• **Information shown**:
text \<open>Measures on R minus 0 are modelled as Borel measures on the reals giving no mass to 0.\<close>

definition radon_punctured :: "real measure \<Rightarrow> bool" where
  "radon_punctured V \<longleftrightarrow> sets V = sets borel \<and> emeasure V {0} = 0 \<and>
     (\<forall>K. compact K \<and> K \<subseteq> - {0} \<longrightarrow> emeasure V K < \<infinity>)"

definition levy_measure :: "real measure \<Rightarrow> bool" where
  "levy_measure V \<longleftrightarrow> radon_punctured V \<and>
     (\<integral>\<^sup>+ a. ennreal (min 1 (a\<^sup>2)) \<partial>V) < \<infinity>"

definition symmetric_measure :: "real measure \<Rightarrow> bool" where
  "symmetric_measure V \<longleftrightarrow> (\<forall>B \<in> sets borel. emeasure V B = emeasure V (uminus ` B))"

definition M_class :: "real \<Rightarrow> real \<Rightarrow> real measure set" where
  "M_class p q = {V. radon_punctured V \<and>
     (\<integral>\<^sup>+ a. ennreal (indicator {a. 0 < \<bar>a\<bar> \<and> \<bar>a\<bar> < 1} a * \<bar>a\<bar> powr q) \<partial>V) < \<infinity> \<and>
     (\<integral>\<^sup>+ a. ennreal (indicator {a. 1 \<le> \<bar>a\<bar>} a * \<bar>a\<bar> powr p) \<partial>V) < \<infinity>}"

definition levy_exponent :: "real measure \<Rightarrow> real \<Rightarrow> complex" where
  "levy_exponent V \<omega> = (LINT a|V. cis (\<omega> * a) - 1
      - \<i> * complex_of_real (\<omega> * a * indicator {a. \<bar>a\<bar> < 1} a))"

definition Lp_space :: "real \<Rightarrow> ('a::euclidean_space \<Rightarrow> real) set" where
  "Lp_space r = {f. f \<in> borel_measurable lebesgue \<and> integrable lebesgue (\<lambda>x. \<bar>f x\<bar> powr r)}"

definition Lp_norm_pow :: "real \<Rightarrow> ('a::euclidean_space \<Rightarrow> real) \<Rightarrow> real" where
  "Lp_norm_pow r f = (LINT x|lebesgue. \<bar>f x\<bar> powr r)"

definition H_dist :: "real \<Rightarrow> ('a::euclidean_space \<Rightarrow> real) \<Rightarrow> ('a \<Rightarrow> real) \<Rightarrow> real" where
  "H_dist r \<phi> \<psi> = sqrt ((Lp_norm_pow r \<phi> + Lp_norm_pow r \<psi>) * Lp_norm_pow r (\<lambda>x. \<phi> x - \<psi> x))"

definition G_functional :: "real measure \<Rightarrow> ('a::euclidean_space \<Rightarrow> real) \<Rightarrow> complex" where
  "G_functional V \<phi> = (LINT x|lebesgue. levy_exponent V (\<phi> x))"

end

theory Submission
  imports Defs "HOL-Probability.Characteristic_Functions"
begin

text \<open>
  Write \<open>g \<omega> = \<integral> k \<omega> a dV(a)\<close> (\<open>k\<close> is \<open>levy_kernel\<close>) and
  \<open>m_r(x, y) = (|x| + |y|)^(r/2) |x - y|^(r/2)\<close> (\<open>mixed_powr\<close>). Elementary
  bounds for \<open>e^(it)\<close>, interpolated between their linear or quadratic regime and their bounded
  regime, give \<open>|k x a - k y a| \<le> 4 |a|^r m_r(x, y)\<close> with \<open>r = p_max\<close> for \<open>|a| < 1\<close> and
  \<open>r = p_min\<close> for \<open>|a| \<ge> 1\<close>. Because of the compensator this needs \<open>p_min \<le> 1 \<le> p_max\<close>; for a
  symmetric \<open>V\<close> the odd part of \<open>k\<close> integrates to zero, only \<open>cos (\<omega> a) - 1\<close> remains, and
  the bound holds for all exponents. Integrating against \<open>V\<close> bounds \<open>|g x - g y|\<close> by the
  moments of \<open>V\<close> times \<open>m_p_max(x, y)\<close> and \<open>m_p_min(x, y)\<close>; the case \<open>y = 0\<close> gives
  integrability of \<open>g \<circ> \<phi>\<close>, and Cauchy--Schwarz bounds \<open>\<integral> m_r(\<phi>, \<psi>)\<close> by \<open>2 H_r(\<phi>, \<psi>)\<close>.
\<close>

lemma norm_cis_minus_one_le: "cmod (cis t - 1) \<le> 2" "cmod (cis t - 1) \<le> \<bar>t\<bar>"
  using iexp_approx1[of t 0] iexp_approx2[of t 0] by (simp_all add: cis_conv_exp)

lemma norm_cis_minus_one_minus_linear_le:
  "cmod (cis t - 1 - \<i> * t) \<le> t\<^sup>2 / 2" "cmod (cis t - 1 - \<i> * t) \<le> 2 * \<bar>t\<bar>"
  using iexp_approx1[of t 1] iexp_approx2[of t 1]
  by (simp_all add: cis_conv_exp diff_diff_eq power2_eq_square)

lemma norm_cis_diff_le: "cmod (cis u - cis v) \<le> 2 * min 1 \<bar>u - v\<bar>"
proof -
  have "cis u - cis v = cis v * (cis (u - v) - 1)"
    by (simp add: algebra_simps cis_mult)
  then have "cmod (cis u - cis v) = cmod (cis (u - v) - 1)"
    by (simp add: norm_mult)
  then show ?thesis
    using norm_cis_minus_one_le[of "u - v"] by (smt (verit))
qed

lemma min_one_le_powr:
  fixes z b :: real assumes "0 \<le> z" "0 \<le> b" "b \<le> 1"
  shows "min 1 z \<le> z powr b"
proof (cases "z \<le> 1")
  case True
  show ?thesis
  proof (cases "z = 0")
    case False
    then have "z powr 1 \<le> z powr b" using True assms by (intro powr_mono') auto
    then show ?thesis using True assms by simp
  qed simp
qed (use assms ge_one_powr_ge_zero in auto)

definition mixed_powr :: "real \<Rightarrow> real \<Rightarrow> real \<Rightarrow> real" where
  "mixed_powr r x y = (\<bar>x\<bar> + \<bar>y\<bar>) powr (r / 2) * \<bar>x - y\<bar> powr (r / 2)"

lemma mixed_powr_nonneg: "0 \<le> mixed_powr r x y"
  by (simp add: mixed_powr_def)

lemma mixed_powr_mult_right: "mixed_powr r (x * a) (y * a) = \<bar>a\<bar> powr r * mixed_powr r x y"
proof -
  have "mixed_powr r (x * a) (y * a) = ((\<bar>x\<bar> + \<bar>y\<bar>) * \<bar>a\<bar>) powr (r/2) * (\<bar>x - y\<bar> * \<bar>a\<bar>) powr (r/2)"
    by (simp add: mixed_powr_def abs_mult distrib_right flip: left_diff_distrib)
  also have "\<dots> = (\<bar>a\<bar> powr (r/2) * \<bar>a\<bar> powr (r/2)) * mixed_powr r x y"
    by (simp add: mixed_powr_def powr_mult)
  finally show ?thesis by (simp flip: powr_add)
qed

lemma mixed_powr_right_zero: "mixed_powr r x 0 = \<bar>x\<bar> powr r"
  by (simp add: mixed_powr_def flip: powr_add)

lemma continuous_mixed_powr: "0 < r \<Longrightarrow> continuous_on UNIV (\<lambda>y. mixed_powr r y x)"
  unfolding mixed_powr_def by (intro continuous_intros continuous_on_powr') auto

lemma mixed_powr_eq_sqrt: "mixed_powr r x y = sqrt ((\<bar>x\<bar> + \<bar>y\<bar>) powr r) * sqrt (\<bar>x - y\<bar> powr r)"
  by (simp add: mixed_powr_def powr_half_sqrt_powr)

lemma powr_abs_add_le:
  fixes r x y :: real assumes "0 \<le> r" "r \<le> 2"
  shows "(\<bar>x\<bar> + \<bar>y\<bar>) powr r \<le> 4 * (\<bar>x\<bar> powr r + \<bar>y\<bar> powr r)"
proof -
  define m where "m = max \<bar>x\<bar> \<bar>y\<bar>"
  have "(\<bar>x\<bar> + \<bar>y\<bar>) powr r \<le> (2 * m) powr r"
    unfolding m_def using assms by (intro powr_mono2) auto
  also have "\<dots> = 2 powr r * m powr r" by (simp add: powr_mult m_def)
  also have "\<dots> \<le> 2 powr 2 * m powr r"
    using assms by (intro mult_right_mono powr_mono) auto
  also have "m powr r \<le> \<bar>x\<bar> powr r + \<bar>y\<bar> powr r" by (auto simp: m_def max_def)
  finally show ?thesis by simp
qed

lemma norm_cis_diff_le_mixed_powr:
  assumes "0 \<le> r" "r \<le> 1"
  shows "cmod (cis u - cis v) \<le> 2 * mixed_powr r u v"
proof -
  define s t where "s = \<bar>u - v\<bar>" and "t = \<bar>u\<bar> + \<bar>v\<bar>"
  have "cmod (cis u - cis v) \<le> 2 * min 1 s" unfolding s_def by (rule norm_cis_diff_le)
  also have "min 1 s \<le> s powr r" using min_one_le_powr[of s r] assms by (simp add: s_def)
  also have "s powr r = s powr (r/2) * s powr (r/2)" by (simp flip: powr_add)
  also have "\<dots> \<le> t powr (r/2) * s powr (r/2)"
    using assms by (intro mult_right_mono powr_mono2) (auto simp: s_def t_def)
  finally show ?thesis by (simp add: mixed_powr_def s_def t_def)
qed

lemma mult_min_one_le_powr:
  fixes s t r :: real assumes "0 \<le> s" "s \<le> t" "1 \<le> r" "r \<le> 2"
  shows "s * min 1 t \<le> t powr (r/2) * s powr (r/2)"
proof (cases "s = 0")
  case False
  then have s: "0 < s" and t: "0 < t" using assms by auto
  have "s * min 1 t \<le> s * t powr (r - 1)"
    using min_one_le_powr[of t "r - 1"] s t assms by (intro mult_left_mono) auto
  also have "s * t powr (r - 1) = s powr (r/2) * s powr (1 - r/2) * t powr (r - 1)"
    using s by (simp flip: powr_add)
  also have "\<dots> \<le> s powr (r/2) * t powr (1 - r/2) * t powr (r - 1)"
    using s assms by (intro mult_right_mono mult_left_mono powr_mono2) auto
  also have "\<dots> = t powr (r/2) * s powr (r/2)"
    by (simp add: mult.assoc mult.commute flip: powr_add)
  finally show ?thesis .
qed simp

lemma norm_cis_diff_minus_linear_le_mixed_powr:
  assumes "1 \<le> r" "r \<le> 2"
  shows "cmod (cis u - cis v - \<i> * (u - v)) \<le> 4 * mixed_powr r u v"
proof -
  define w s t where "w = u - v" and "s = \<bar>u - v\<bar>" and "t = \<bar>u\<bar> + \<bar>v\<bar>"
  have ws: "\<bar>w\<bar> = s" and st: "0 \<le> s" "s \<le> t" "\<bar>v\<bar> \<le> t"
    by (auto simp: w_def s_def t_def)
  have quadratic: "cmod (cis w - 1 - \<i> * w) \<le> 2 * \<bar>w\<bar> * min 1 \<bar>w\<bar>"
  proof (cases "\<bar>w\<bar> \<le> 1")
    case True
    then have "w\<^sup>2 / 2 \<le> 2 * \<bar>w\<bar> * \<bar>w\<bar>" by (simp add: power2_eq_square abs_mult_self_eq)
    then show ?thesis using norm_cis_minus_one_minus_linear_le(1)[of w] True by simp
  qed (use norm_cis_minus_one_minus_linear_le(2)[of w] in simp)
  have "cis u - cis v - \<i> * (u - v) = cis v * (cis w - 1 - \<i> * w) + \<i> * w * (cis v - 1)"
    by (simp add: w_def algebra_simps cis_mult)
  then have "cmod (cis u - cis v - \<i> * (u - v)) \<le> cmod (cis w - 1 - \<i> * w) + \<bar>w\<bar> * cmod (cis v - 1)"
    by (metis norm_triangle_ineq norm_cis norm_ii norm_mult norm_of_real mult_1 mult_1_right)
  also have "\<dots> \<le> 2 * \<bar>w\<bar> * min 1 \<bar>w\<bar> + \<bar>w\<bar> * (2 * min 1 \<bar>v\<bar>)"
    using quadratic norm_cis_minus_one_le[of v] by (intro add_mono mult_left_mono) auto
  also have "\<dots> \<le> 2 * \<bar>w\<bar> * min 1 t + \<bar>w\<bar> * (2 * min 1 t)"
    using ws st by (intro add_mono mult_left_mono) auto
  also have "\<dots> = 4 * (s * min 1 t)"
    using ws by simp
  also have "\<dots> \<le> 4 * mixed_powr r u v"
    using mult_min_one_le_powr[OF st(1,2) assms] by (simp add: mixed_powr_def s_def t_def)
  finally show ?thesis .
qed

• **Problem statement**: Would you print exactly and only the lines of the material above that run from the line with "qed (use norm_cis_minus_one_minus_linear_le(2)[of" through the line with "by (simp add: w_def", both included?

• **Your solution**:
  qed (use norm_cis_minus_one_minus_linear_le(2)[of w] in simp)
  have "cis u - cis v - \<i> * (u - v) = cis v * (cis w - 1 - \<i> * w) + \<i> * w * (cis v - 1)"
    by (simp add: w_def algebra_simps cis_mult)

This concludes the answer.